Because God enforces these sub-religions there is more to it than just simple intellectual differences. But individualities yet exist on a gradient. But if what you want out of a romantic relationship doesn't work with Satanistic ideals, well, you're not gonna be a Satanist. And Satanists will have children too - where first of all Satanistic principles would apply. And here I want to mention that I believe life with God to be more fluid than you might be able to fathom. Especially because a lot of the things I have to describe aren't all that 'fluid'. But naturally so. There would be more than one way to grow up as part of a Satanistic household; And specifically do I here want to address the potential 'flux' between religions. So, one might join a religion and thus leaving the one they grew up in. If someone gets raised as a slave that wouldn't want to be a slave we could talk about rape or child-abuse. For sure. But there should be more to it than just that unless the parents were simply stupid. That shouldn't divert us from looking for our ideals. "How" exactly that will happen I don't really know.
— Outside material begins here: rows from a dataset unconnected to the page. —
lemma admissible_integral_form:
  assumes adm: "admissible N \<beta> \<mu> \<gamma> a b t u \<phi>" and t: "0 \<le> t"
  defines "f \<equiv> \<lambda>\<theta>. controlled_sis_rate N \<beta> \<mu> \<gamma> (\<phi> \<theta>) (u \<theta>)"
  shows "continuous_on {0..t} \<phi>" "\<phi> 0 = a" "\<phi> t = b"
    and "(\<lambda>s. (u s)\<^sup>2) integrable_on {0..t}"
    and "(LINT s:{0..t}|lborel. (u s)\<^sup>2) = integral {0..t} (\<lambda>s. (u s)\<^sup>2)"
    and "f integrable_on {0..t}"
    and "\<And>q r. 0 \<le> q \<Longrightarrow> q \<le> r \<Longrightarrow> r \<le> t \<Longrightarrow> \<phi> r - \<phi> q = integral {q..r} f"
proof -
  have u: "u \<in> borel_measurable lborel" and u2: "set_integrable lborel {0..t} (\<lambda>s. (u s)\<^sup>2)"
    and cont: "continuous_on {0..t} \<phi>" and bt: "\<phi> t = b"
    and eq: "\<And>s. s \<in> {0..t} \<Longrightarrow> \<phi> s = a
        + (LINT \<theta>:{0..s}|lborel. \<phi> \<theta> * (\<beta> * N - \<mu> - \<gamma> - \<beta> * \<phi> \<theta>))
        + (LINT \<theta>:{0..s}|lborel. \<phi> \<theta> * (N - \<phi> \<theta>) * u \<theta>)"
    using adm unfolding admissible_def by auto
  show "continuous_on {0..t} \<phi>" "\<phi> t = b" by fact+
  show "(\<lambda>s. (u s)\<^sup>2) integrable_on {0..t}"
    "(LINT s:{0..t}|lborel. (u s)\<^sup>2) = integral {0..t} (\<lambda>s. (u s)\<^sup>2)"
    using set_borel_integral_eq_integral[OF u2] by auto
  have f_set_int: "set_integrable lborel {0..s} f" and
    \<phi>_eq: "\<phi> s = a + integral {0..s} f" if s: "s \<in> {0..t}" for s
  proof -
    have cont_s: "continuous_on {0..s} \<phi>" using s by (intro continuous_on_subset[OF cont]) auto
    have int1: "set_integrable lborel {0..s} (\<lambda>\<theta>. \<phi> \<theta> * (\<beta> * N - \<mu> - \<gamma> - \<beta> * \<phi> \<theta>))"
      unfolding set_integrable_def by (intro borel_integrable_compact continuous_intros cont_s) auto
    have "set_integrable lborel {0..s} (\<lambda>\<theta>. (\<phi> \<theta> * (N - \<phi> \<theta>)) * u \<theta>)"
      using s set_integrable_subset[OF u2]
      by (intro set_integrable_continuous_mult_square_integrable u continuous_intros cont_s) auto
    then have int2: "set_integrable lborel {0..s} (\<lambda>\<theta>. \<phi> \<theta> * (N - \<phi> \<theta>) * u \<theta>)" by simp
    show "set_integrable lborel {0..s} f"
      unfolding f_def controlled_sis_rate_def using int1 int2 by (rule set_integral_add)
    show "\<phi> s = a + integral {0..s} f"
      using eq[OF s] set_integral_add(2)[OF int1 int2]
        set_borel_integral_eq_integral(2)[OF \<open>set_integrable lborel {0..s} f\<close>]
      unfolding f_def controlled_sis_rate_def by simp
  qed
  show "f integrable_on {0..t}"
    using set_borel_integral_eq_integral(1)[OF f_set_int] t by simp
  show "\<phi> 0 = a" using \<phi>_eq[of 0] t by simp
  show "\<phi> r - \<phi> q = integral {q..r} f" if "0 \<le> q" "q \<le> r" "r \<le> t" for q r
  proof -
    have "integral {0..q} f + integral {q..r} f = integral {0..r} f"
      using that set_borel_integral_eq_integral(1)[OF f_set_int, of r]
      by (intro Henstock_Kurzweil_Integration.integral_combine) auto
    then show ?thesis using \<phi>_eq[of q] \<phi>_eq[of r] that by simp
  qed
qed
Generally speaking: Without any sub-religions we'd pick our intellectual leaders and that way get to have some 'infrastructure' where these discussions could emerge. Then we'd assemble in light of our sub-religions, again picking our intellectual leaders and then have more of an infrastructure to forward these discussions. Each sub-religion then would so experience some kind of 'redemption' from an abstract 'general norm'; And first of all there would be those aspects of our desires that aren't problematic - although primitive. Eventually things would evolve and more problematic issues would move to the top and be opened as items that 'brand' a specific religion.
On the 'lighter' side we would have idols and on the heavier side ... 'gore'. Because of me the 'victim' side came forth first and I guess that is as fair as it can get!

Would I have to live up to that? Well, that is the initial struggle of this segment. There's the way of 'whatever' on which I could excuse myself from these things; But the story is that I don't/wouldn't want to. So: Would I 'have to'? Well ... would I 'want' to?